*** Opening GIVEN DATA ***
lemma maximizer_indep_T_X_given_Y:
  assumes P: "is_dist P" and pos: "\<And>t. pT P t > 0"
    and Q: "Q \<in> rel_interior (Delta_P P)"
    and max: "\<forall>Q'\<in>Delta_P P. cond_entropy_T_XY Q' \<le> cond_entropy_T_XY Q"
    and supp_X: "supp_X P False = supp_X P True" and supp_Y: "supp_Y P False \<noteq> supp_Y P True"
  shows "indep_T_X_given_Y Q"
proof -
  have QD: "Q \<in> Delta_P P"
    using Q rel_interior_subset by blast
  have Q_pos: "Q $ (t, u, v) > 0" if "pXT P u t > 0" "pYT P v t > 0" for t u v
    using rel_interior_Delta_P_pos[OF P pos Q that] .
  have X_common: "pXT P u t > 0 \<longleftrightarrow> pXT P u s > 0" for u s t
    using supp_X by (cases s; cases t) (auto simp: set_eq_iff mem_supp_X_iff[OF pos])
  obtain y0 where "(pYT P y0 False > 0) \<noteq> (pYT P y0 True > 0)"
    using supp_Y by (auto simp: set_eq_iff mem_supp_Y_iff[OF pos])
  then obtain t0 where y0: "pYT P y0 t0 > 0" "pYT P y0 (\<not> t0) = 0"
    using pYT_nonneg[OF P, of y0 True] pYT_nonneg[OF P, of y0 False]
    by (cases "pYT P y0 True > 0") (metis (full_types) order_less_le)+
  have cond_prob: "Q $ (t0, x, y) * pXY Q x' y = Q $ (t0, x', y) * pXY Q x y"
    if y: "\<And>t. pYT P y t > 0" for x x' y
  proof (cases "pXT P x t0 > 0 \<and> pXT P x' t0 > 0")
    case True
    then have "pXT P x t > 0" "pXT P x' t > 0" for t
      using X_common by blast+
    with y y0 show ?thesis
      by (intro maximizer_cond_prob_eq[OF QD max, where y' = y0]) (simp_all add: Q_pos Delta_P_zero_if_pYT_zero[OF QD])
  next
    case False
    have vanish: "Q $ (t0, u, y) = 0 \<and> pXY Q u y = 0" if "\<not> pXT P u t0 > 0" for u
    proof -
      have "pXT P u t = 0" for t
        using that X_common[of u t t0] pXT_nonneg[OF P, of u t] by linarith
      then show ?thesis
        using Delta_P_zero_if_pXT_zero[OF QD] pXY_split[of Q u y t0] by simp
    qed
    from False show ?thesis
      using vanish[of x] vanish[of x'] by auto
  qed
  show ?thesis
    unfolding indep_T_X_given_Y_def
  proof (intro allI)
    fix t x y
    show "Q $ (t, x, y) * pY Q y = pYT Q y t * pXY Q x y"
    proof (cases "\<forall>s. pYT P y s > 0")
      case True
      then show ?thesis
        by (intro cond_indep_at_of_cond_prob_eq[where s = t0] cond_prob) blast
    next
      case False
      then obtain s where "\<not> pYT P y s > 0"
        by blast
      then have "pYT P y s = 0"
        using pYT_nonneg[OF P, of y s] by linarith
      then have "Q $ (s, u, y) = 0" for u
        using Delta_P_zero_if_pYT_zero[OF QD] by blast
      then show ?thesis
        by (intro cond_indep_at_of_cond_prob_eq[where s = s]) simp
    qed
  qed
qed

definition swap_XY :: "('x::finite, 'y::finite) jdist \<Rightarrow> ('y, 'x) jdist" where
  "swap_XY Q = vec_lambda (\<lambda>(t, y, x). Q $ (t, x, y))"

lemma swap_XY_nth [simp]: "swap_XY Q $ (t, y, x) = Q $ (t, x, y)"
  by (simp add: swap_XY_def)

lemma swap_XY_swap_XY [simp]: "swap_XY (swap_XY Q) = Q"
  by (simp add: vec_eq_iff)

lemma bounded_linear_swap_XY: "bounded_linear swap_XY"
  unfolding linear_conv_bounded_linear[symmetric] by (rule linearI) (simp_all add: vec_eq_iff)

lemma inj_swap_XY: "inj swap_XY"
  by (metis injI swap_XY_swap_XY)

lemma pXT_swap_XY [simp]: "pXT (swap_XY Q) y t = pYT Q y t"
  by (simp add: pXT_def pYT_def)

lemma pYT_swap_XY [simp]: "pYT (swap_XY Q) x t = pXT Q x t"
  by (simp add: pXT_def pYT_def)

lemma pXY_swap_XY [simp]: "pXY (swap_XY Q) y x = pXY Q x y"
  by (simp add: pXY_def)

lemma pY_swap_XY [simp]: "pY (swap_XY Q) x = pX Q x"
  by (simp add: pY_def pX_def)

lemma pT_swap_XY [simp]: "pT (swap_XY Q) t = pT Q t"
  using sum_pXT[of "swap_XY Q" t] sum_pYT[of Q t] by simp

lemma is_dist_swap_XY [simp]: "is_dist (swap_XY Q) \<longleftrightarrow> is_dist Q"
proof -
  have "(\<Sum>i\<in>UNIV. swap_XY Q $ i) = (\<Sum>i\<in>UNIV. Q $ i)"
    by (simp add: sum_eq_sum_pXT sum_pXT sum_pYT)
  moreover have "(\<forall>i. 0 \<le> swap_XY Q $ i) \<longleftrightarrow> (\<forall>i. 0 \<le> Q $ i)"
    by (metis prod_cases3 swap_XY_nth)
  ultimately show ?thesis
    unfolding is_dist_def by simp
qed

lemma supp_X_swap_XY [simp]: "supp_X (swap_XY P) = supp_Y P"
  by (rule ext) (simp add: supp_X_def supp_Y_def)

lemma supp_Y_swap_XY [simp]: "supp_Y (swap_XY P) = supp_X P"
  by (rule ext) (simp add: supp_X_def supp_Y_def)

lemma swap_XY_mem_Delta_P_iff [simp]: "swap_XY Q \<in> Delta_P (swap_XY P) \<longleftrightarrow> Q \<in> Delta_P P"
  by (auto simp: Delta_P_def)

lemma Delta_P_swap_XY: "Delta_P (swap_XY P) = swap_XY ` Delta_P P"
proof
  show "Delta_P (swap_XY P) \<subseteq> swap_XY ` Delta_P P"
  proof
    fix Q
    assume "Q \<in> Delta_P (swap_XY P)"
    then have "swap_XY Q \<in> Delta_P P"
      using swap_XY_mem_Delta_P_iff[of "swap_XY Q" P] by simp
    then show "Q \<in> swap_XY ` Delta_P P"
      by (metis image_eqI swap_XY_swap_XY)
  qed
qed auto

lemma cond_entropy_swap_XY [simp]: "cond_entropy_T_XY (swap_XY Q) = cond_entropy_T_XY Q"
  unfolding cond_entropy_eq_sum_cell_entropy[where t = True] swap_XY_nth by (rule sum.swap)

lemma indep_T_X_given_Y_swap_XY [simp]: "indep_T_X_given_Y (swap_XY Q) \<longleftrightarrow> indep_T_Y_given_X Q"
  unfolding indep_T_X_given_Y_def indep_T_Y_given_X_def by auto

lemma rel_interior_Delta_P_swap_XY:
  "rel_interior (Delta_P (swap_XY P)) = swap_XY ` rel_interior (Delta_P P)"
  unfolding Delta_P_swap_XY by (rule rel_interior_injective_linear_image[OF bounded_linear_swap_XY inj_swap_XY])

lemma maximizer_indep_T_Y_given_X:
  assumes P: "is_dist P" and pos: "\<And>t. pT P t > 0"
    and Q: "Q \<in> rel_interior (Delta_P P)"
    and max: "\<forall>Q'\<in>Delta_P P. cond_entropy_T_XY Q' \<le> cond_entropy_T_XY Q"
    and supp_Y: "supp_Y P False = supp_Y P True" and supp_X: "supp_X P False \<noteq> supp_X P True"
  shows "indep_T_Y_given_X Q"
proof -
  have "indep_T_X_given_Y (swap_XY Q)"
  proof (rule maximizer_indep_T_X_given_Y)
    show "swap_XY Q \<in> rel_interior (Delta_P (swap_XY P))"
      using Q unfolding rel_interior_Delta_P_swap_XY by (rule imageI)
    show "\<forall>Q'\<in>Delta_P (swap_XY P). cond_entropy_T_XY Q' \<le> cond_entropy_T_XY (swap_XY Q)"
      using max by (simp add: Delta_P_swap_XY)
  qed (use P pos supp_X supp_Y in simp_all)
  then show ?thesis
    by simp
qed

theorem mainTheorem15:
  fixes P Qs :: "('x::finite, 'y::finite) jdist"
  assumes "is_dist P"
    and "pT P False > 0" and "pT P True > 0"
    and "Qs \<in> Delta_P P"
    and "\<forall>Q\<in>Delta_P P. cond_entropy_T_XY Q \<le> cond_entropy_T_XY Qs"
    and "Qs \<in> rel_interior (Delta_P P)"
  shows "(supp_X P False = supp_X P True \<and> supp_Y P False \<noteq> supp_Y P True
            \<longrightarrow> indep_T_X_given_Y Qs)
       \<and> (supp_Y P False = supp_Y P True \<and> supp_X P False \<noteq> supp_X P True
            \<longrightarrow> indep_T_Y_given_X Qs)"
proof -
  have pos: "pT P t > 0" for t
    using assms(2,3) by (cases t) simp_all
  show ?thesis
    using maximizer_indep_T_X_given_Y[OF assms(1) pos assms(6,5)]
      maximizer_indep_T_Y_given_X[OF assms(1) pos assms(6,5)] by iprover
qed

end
*** Closing GIVEN DATA ***
» WHAT NEEDS TO BE DONE
Every line of the records above where the string "rule" is found should be copied.

» YOUR RESPONSE
  unfolding linear_conv_bounded_linear[symmetric] by (rule linearI) (simp_all add: vec_eq_iff)
  by (rule ext) (simp add: supp_X_def supp_Y_def)
  by (rule ext) (simp add: supp_X_def supp_Y_def)
  unfolding cond_entropy_eq_sum_cell_entropy[where t = True] swap_XY_nth by (rule sum.swap)
  unfolding Delta_P_swap_XY by (rule rel_interior_injective_linear_image[OF bounded_linear_swap_XY inj_swap_XY])
  proof (rule maximizer_indep_T_X_given_Y)
      using Q unfolding rel_interior_Delta_P_swap_XY by (rule imageI)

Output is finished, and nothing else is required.